Surprisingly, this should be a no-contest subject. This should be common sense, This should be so self evident that it amazes me how 99% of all amateur coaches-parents-umpires-leagues-league officials and players will stand by and know this is the wrong way to go.
In the picture below - (1) this is what you should see when you approach your pitcher’s mound. A well groomed surface, the top of the mound even with the rubber, the rubber shouldn’t stick out of the ground, no holes, no rocks or pebbles, no mud. The back of the mound, likewise should be well manicured. This surface should reinforce your confidence of a secure surface to work off, reinforce your balance completely, and land on with your stride foot
In the picture below - (2) this is what you should see upon closer inspection and ready to work. You should feel very confident - inning after inning, that this mound will stand up to your performance, and the pitchers that you will follow. The landing surface that your stride foot is planting on should reinforce your complete motion, regardless if from the windup or the set position. Anything less will destroy your mechanics, regardless who you received your coaching from. Notice the “path” like impression on this surface in front of the rubber. This is deliberate. This underlayment is composed of special material that resist the constant landing of spikes and the sometimes churning motion of the pitcher’s movement(s).

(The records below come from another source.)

lemma nn_integral_abs_vp_kernel_le:
  assumes "1 \<le> m" "m < n" "x \<in> {-1..1}"
  shows "(\<integral>\<^sup>+ y. ennreal (\<bar>vp_kernel n m x y\<bar> * cheb_w y) * indicator {-1..1} y \<partial>lborel)
    \<le> ennreal (2 * abel_norm (vp_c n m) (n + m) + 4 * abel_norm (vp_d m) m)"
proof -
  define t where "t = arccos x"
  have t: "0 \<le> t" "t \<le> pi" "cos t = x"
    using assms(3) by (auto simp: t_def arccos_lbound arccos_ubound cos_arccos)
  define C D where "C = cos_poly (vp_c n m) (n + m)" and "D = cos_poly (vp_d m) m"
  define J where "J P b = integral {0..pi} (\<lambda>s. \<bar>P (s + b)\<bar>)" for P :: "real \<Rightarrow> real" and b
  define b\<^sub>1 b\<^sub>2 where "b\<^sub>1 = t - pi" and "b\<^sub>2 = - t - pi"
  define B where "B s = (\<bar>C (s + b\<^sub>1)\<bar> + \<bar>C (s + b\<^sub>2)\<bar> + 2 * \<bar>D (s + b\<^sub>1)\<bar> + 2 * \<bar>D (s + b\<^sub>2)\<bar>) / pi" for s
  define f where "f y = \<bar>vp_kernel n m x y\<bar> * cheb_w y" for y
  have "((\<lambda>s. \<bar>P (s + b)\<bar>) has_integral J P b) {0..pi}" if "P = C \<or> P = D" for P b
    using that unfolding J_def C_def D_def
    by (auto intro!: integrable_integral integrable_continuous_interval continuous_intros)
  then have B_int: "(B has_integral (J C b\<^sub>1 + J C b\<^sub>2 + 2 * J D b\<^sub>1 + 2 * J D b\<^sub>2) / pi) {0..pi}"
    unfolding B_def by (intro has_integral_divide has_integral_add has_integral_mult_right) auto
  have "J C b \<le> pi * abel_norm (vp_c n m) (n + m)" for b
    unfolding J_def C_def by (rule integral_abs_cos_poly_le) (simp_all add: vp_c_def)
  moreover have "J D b \<le> pi * abel_norm (vp_d m) m" for b
    unfolding J_def D_def by (rule integral_abs_cos_poly_le) (simp_all add: vp_d_def)
  ultimately have "J C b\<^sub>1 + J C b\<^sub>2 + 2 * J D b\<^sub>1 + 2 * J D b\<^sub>2
      \<le> 2 * (pi * abel_norm (vp_c n m) (n + m)) + 4 * (pi * abel_norm (vp_d m) m)"
    by (smt (verit))
  then have B_le: "(J C b\<^sub>1 + J C b\<^sub>2 + 2 * J D b\<^sub>1 + 2 * J D b\<^sub>2) / pi
      \<le> 2 * abel_norm (vp_c n m) (n + m) + 4 * abel_norm (vp_d m) m"
    by (simp add: pos_divide_le_eq algebra_simps)
  have "(\<integral>\<^sup>+ y. ennreal (f y) * indicator {-1..1} y \<partial>lborel)
      = (\<integral>\<^sup>+ y. ennreal (f y * indicator {- cos 0..- cos pi} y) \<partial>lborel)"
    by (intro nn_integral_cong) (simp split: split_indicator)
  \<comment> \<open>substitute \<open>y = - cos s\<close>, which is increasing on \<open>[0, pi]\<close> as the substitution rule requires\<close>
  also have "\<dots> = (\<integral>\<^sup>+ s. ennreal (f (- cos s) * sin s * indicator {0..pi} s) \<partial>lborel)"
    using set_borel_measurable_abs_vp_kernel_cheb_w[of n m x]
    by (intro nn_integral_substitution) (auto simp: f_def sin_ge_zero intro!: derivative_eq_intros continuous_intros)
  also have "\<dots> \<le> (\<integral>\<^sup>+ s. ennreal (B s) * indicator {0..pi} s \<partial>lborel)"
  proof (intro nn_integral_mono)
    fix s :: real
    show "ennreal (f (- cos s) * sin s * indicator {0..pi} s) \<le> ennreal (B s) * indicator {0..pi} s"
    proof (cases "s \<in> {0..pi}")
      case True
      then have "f (- cos s) * sin s \<le> \<bar>vp_kernel n m x (- cos s)\<bar>"
        using cheb_w_neg_cos_mult_sin[of s] by (auto simp: f_def mult.assoc)
      also have "\<dots> \<le> B s"
        using pi_abs_vp_kernel_le[OF assms(1,2) t(1,2), of s] True
        by (simp add: B_def C_def D_def b\<^sub>1_def b\<^sub>2_def t(3) field_simps)
      finally show ?thesis using True by (simp add: ennreal_leI)
    qed simp
  qed
  also have "\<dots> = ennreal ((J C b\<^sub>1 + J C b\<^sub>2 + 2 * J D b\<^sub>1 + 2 * J D b\<^sub>2) / pi)"
    by (rule nn_integral_has_integral_lebesgue'[OF _ B_int]) (simp add: B_def)
  also have "\<dots> \<le> ennreal (2 * abel_norm (vp_c n m) (n + m) + 4 * abel_norm (vp_d m) m)"
    using B_le by (rule ennreal_leI)
  finally show ?thesis unfolding f_def .
qed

Now this mound wasn’t built using sand and dirt. It was constructed with materials especially designed for athletic competition of the sport. Bottom line here - it cost $$ money. Bottom line here - the health and well being of the player taking this surface and competing on it were considered that important. And as simple as this may sound, the basic tool to keep it that way during game time, is as simple as using an iron rake to groom the surface back into shape. A picture of a simple garden iron rake is below. By the way, if your club brings a rake, and the other club across the field doesn’t - tough, that’s their problem. See picture (4) below.